(RECORDS SUPPLIED)

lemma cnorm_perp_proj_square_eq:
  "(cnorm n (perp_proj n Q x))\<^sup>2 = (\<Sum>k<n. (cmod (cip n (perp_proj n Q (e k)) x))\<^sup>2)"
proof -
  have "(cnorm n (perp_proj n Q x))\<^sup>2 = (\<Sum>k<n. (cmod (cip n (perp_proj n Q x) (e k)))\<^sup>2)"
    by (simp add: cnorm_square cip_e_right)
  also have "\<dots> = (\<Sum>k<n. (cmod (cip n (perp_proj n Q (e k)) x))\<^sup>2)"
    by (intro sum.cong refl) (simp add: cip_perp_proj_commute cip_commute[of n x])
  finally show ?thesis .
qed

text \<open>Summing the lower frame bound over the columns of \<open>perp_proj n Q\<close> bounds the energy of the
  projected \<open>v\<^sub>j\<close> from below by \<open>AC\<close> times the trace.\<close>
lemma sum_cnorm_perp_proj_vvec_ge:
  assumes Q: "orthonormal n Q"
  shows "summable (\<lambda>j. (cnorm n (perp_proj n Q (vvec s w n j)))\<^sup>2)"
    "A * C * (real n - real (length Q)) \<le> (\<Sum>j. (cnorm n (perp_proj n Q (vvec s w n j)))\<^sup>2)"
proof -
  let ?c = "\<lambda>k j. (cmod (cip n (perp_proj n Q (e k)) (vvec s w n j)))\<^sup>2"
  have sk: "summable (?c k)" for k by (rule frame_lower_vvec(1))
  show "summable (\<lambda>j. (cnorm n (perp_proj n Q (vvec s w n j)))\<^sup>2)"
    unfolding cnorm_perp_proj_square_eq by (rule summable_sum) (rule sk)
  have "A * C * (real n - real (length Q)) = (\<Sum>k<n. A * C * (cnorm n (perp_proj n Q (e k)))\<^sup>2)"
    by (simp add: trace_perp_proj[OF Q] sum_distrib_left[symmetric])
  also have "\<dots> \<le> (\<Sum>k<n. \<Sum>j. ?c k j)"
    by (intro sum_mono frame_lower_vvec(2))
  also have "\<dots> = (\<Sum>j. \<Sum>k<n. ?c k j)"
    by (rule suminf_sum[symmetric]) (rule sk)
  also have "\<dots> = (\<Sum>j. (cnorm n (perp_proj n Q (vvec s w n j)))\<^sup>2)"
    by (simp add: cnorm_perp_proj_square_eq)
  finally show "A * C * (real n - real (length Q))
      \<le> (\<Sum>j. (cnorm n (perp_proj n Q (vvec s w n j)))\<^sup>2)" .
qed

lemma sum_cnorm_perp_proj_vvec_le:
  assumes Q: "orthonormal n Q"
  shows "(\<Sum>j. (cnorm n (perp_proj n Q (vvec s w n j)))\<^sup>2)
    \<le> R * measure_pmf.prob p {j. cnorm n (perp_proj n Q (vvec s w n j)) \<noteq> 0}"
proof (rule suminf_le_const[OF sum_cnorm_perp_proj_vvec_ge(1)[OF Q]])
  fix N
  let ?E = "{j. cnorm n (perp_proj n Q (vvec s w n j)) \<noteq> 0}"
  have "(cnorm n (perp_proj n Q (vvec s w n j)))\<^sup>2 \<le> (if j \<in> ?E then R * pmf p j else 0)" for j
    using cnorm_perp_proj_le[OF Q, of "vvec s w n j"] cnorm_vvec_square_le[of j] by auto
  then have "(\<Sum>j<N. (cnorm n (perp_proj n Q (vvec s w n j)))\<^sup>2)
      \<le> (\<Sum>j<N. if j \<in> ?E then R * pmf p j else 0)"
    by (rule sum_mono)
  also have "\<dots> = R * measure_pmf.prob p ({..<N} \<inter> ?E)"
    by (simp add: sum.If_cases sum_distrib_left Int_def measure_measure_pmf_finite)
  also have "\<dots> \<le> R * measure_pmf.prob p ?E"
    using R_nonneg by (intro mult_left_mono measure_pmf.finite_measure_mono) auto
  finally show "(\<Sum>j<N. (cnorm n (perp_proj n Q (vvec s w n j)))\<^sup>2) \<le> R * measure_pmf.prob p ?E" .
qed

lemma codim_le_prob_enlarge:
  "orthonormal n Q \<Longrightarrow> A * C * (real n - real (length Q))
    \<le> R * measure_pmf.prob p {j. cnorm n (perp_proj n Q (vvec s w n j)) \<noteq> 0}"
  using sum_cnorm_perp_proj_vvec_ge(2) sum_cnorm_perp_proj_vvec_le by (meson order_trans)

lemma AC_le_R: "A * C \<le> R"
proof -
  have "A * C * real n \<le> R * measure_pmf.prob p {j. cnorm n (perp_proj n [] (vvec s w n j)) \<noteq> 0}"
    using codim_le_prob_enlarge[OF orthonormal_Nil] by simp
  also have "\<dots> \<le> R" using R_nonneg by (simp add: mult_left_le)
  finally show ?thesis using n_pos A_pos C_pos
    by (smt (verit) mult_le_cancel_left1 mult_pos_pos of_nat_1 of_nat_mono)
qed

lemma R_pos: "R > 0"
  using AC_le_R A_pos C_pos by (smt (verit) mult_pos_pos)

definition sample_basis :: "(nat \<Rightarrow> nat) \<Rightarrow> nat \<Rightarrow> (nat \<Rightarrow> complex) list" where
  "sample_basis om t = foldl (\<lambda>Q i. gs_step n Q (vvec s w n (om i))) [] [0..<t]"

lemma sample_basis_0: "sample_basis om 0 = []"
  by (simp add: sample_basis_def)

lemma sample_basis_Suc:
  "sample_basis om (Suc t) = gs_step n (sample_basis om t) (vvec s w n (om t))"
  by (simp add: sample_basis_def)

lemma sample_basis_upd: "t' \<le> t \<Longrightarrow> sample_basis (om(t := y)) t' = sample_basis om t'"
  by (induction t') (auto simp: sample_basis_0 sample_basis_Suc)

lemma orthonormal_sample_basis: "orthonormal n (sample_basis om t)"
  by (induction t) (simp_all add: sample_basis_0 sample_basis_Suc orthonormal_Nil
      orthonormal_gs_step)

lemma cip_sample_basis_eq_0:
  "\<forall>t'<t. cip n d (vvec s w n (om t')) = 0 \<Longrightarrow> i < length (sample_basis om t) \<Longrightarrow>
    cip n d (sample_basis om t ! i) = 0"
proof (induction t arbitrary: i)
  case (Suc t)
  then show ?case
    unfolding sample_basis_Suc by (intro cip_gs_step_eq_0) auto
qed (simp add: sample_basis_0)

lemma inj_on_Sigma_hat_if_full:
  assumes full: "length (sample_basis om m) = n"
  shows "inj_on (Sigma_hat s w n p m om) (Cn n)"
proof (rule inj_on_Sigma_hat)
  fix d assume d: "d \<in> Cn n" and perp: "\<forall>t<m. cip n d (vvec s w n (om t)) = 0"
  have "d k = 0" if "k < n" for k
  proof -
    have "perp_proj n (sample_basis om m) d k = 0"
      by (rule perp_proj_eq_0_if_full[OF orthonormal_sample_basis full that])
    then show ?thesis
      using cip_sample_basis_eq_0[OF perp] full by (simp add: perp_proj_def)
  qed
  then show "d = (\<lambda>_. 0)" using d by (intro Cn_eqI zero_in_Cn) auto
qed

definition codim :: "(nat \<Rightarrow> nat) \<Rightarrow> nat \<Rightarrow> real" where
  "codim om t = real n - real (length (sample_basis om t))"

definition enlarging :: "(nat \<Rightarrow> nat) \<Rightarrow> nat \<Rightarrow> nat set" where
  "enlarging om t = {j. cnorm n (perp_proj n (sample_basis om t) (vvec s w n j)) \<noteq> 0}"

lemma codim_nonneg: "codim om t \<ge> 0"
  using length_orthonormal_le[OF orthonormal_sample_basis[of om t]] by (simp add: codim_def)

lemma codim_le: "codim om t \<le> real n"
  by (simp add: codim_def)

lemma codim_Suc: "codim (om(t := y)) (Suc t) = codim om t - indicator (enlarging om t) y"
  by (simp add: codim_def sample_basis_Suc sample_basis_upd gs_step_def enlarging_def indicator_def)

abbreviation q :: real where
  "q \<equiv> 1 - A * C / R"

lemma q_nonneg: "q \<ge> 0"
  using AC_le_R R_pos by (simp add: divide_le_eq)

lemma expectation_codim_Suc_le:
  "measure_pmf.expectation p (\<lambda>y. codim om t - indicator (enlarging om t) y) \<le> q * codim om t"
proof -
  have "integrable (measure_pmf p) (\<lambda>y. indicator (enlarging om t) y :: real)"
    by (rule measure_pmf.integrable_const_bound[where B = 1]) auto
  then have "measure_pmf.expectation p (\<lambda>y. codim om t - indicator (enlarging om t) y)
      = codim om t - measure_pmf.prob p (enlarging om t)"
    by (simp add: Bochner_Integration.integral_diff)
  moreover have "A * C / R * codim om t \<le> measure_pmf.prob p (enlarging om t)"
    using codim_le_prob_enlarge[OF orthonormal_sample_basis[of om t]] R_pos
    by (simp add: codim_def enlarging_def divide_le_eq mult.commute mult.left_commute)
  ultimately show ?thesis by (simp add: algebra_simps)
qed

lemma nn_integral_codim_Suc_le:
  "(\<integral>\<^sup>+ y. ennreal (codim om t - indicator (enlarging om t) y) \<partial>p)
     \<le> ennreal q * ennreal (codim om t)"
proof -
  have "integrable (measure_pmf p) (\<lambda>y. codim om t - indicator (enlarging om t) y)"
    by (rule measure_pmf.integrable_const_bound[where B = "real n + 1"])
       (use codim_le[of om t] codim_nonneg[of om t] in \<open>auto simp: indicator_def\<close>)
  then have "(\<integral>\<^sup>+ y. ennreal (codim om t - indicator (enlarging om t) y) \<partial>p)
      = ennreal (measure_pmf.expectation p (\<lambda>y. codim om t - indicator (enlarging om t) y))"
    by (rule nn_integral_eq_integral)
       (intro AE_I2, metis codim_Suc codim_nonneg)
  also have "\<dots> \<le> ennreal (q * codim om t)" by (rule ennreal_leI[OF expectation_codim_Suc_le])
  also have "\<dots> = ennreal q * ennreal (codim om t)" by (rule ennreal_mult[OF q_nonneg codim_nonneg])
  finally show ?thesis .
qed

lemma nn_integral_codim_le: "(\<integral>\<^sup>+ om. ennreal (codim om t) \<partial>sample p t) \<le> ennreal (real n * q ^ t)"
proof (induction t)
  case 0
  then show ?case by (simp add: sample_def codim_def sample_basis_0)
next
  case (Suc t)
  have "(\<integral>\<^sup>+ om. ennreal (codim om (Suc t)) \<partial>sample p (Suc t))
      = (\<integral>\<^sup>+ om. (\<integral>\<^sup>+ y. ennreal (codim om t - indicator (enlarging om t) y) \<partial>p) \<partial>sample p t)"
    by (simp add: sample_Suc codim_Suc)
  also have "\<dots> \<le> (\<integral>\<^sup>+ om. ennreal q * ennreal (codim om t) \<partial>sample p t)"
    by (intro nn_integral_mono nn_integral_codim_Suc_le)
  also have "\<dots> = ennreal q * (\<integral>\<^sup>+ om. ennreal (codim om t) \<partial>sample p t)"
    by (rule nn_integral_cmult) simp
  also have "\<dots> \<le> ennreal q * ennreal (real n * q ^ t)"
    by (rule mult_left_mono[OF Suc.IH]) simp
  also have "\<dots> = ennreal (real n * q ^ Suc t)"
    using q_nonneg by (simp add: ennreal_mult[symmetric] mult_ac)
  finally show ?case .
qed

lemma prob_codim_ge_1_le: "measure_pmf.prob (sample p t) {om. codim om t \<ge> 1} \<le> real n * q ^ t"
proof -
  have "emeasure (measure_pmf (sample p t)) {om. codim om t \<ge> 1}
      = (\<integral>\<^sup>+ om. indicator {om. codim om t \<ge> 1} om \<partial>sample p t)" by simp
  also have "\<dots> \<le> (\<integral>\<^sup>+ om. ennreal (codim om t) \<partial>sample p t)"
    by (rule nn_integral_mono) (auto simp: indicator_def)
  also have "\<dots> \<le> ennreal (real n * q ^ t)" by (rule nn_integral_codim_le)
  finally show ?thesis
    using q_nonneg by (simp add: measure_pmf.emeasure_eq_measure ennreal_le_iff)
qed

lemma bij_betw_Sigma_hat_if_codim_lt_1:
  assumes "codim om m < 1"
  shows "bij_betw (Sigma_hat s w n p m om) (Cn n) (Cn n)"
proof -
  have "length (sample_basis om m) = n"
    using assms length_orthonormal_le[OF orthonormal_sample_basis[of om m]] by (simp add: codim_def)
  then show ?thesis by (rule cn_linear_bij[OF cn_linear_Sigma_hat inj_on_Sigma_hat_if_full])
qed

(End RECORDS SUPPLIED)

(WHAT TO DO)
Select every line of the material above holding the word "else" and copy it.

(SOLUTION TO THIS PROBLEM)
  have "(cnorm n (perp_proj n Q (vvec s w n j)))\<^sup>2 \<le> (if j \<in> ?E then R * pmf p j else 0)" for j
      \<le> (\<Sum>j<N. if j \<in> ?E then R * pmf p j else 0)"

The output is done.